If a woman complains of discomfort or a self-detected mass, immediate evaluation is imperative. This includes pregnant patients; do not wait until after delivery to investigate an abnormality.

Use your own guidelines, but justify deviations from the norm

These may include earlier screening for women at risk, and need not match the recommendations of a nationally recognized group. However, in the event of a claim or suit, you will need to justify the reason for deviating from widely accepted guidelines.

Incorporate a systematic approach to diagnosis, treatment, referral (if required), and follow-up breast care.

Using an algorithm can help minimize error, confusion, and delays in care.

Assume cancer until it is ruled out

Consider diagnostic mammography and, when indicated, ultrasound imaging when the screening mammogram of a patient with a palpable mass is either negative or inconclusive.

A fine-needle aspiration or biopsy is a must to resolve indeterminate breast symptoms or inconclusive diagnostic breast imaging tests.

What not to say to patients

Do not assure the patient that a breast mass is benign until it is proven to be so.

Are you the “default PCP”? Screen for other cancers

When more than 1 physician is involved, someone needs to assume responsibility for the patient’s ongoing breast care. In a malpractice case, a doctor cannot simply claim that a routine mammogram or diagnostic test was deferred because it was assumed another physician would handle it.

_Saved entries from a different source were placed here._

theorem mainTheorem6:
  fixes rho0 z0 :: "real \<Rightarrow> real" and muS muN y :: real
    and U0 Om Z S1 S2 :: "real \<times> real \<Rightarrow> real"
  defines "Sig \<equiv> Sigma0 rho0 z0 muS muN"
  defines "D0 \<equiv> exteriorD Sig"
  defines "K \<equiv> KE D0"
  defines "T1 \<equiv> (\<lambda>p. (1 / (2 * fst p)) *\<^sub>R (S1 p *\<^sub>R hodgeK (dK K S2 p)))"
  assumes surf_C1: "(\<lambda>mu. (rho0 mu, z0 mu)) C1_differentiable_on {muS..muN}"
    and surf_sphere: "Sig homeomorphic sphere (0::R3) 1"
    and mu_lt: "muS < muN"
    and rho0_ends: "rho0 muS = 0" "rho0 muN = 0"
    and rho0_pos: "\<forall>mu. muS < mu \<and> mu < muN \<longrightarrow> rho0 mu > 0"
    and zS_lt_zN: "z0 muS < z0 muN"
    and y_range: "z0 muS < y" "y < z0 muN"
    and U0_reg: "regular3 D0 Sig (lift U0)"
    and U0_harm: "\<forall>q\<in>D0. lap3 (lift U0) q = 0"
    and Om_reg: "regular3 D0 Sig (lift Om)"
    and Om_eq: "\<forall>q\<in>D0. lap3 (lift Om) q - 4 * gammaProd (lift Om) (lift U0) q = 0"
    and U0_diffK: "\<forall>p\<in>K. U0 differentiable (at p within K)"
    and Om_diffK: "\<forall>p\<in>K. Om differentiable (at p within K)"
    and Z_eq: "\<forall>p\<in>K. Z differentiable (at p within K) \<and>
                 dK K Z p = cosUps y p *\<^sub>R dK K U0 p + sinUps y p *\<^sub>R hodgeK (dK K U0 p)"
    and Z_inf: "(Z \<longlongrightarrow> 0) (inf at_infinity (principal K))"
    and S1_eq: "\<forall>p\<in>K. S1 differentiable (at p within K) \<and>
                 dK K S1 p = exp (- 2 * U0 p + 2 * Z p) *\<^sub>R
                   (- (1 + cosUps y p) *\<^sub>R dK K Om p - sinUps y p *\<^sub>R hodgeK (dK K Om p))"
    and S1_inf: "(S1 \<longlongrightarrow> 0) (inf at_infinity (principal K))"
    and S2_eq: "\<forall>p\<in>K. S2 differentiable (at p within K) \<and>
                 dK K S2 p = exp (- 2 * U0 p - 2 * Z p) *\<^sub>R
                   ((1 - cosUps y p) *\<^sub>R dK K Om p - sinUps y p *\<^sub>R hodgeK (dK K Om p))"
    and S2_inf: "(S2 \<longlongrightarrow> 0) (inf at_infinity (principal K))"
    and S_C2: "C2_on3 (D0 \<inter> {q. cylRho q \<noteq> 0}) (lift S1)"
              "C2_on3 (D0 \<inter> {q. cylRho q \<noteq> 0}) (lift S2)"
  shows "(\<forall>p\<in>K. wedgeK (dK K S1 p) (dK K S2 p)
            = 2 * sinUps y p * exp (- 4 * U0 p) * wedgeK (dK K Om p) (hodgeK (dK K Om p)))
       \<and> (\<forall>p\<in>K. 0 < fst p \<longrightarrow>
            d1K K (\<lambda>q. fst q *\<^sub>R hodgeK (T1 q)) p
              + sinUps y p * exp (- 4 * U0 p) * wedgeK (dK K Om p) (hodgeK (dK K Om p)) = 0)
       \<and> (\<forall>q\<in>D0. cylRho q \<noteq> 0 \<longrightarrow>
            div3 (liftVec T1) q
              = - lift (psiY y) q * exp (- 4 * lift U0 q) * gammaProd (lift Om) (lift Om) q)"
proof -
  have D0: "open D0"
    unfolding D0_def using surf_sphere compact_sphere homeomorphic_compactness
    by (blast intro: open_exteriorD compact_imp_closed)
  have atK: "at p within K = at p" if "p \<in> meridian D0" for p
    using at_within_KE[OF D0 that] unfolding K_def .
  have dS1: "S1 differentiable (at p)" if "p \<in> meridian D0" for p
    using S1_eq that atK[OF that] meridian_iff_KE unfolding K_def by metis
  have wedge: "wedgeK (dK K S1 p) (dK K S2 p)
      = 2 * sinUps y p * exp (- 4 * U0 p) * wedgeK (dK K Om p) (hodgeK (dK K Om p))" if "p \<in> K" for p
    using S1_eq S2_eq that by (simp only: wedgeK_dS1_dS2)
  have d_rho_hodge_T1: "d1K K (\<lambda>q. fst q *\<^sub>R hodgeK (T1 q)) p = - wedgeK (dK K S1 p) (dK K S2 p) / 2"
    and dT1: "T1 differentiable (at p)" if p: "p \<in> meridian D0" for p
  proof -
    obtain a b c where dS2: "(dK K S2 has_derivative (\<lambda>h. (fst h * a + snd h * b, fst h * b + snd h * c))) (at p)"
      using dK_has_symmetric_derivative[OF D0 S_C2(2) p] unfolding K_def .
    have p0: "fst p \<noteq> 0"
      using p by (simp add: meridian_def)
    show "d1K K (\<lambda>q. fst q *\<^sub>R hodgeK (T1 q)) p = - wedgeK (dK K S1 p) (dK K S2 p) / 2"
      unfolding T1_def
      by (rule d1K_rho_hodge_eq_half_wedge[OF p0 atK[OF p] _ dS2]) (use dS1[OF p] atK[OF p] in simp)
    show "T1 differentiable (at p)"
      unfolding T1_def using differentiable_inverse_rho_scaleR_hodgeK[OF p0 dS1[OF p] differentiableI[OF dS2]] .
  qed
  have div: "div3 (liftVec T1) q = - lift (psiY y) q * exp (- 4 * lift U0 q) * gammaProd (lift Om) (lift Om) q"
    if q: "q \<in> D0" "cylRho q \<noteq> 0" for q
  proof -
    have p: "proj q \<in> meridian D0"
      using q unfolding D0_def Sig_def by (rule proj_in_meridian)
    then have pK: "proj q \<in> K"
      unfolding K_def meridian_iff_KE by simp
    show ?thesis
      unfolding lift_def[of U0]
      by (rule div3_liftVec_eq_of_d1K[OF dT1[OF p] atK[OF p] q(2)])
        (use d_rho_hodge_T1[OF p] wedge[OF pK] dK_has_derivative[OF atK[OF p]] Om_diffK pK in auto)
  qed
  show ?thesis
    using wedge d_rho_hodge_T1 div meridian_iff_KE unfolding K_def by auto
qed

end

In most cases, the patient’s primary care physician has the responsibility for her care.

ObGyn can be held to primary care physician standard. If the ObGyn is her only physician, the ObGyn may be held to a primary care standard—not only for breast and cervical cancer screening, but also for colorectal, skin, and other cancers.

Any physicians involved in a woman’s care should decide between them, as early in the process as possible, who will assume responsibility for ongoing care. According to the Agency for Healthcare Research and Quality,6-9 that physician oversees follow-up, monitoring, and tracking women with abnormal findings, including those for whom a biopsy is recommended.

The designation of responsibility and accountability should be documented in the medical record.

The radiology facility’s responsibility. The facility that performs the patient’s mammograms must share responsibility with the designated physician for follow-up, monitoring, and tracking abnormal test results. Each facility should have a system for tracking positive mammogram findings and, according to the Agency for Healthcare Research and Quality, “a process for correlating findings with biopsy results.” It also has the duty to communicate urgent or significant findings to physicians and, under certain circumstances, to the patient directly.

If more than 1 physician is involved, everyone should know who is responsible for coordinating the patient’s ongoing care. Good communication is especially critical when abnormal findings are involved and additional imaging or more invasive testing is needed.

Document, document, document

ProMutual Group’s studies repeatedly show that inadequate records—whether paper or electronic—substantially reduce the chance for a successful defense.

Dr. Zylstra reports no financial relationships relevant to this article. Ms. Greenwald and Ms. Mondor are employees of ProMutual Group, Boston.

References

1. Zylstra S, D’Orsi C, Ricci BA, et al. Defense of breast cancer malpractice claims. Breast J. 2001;7:76-90.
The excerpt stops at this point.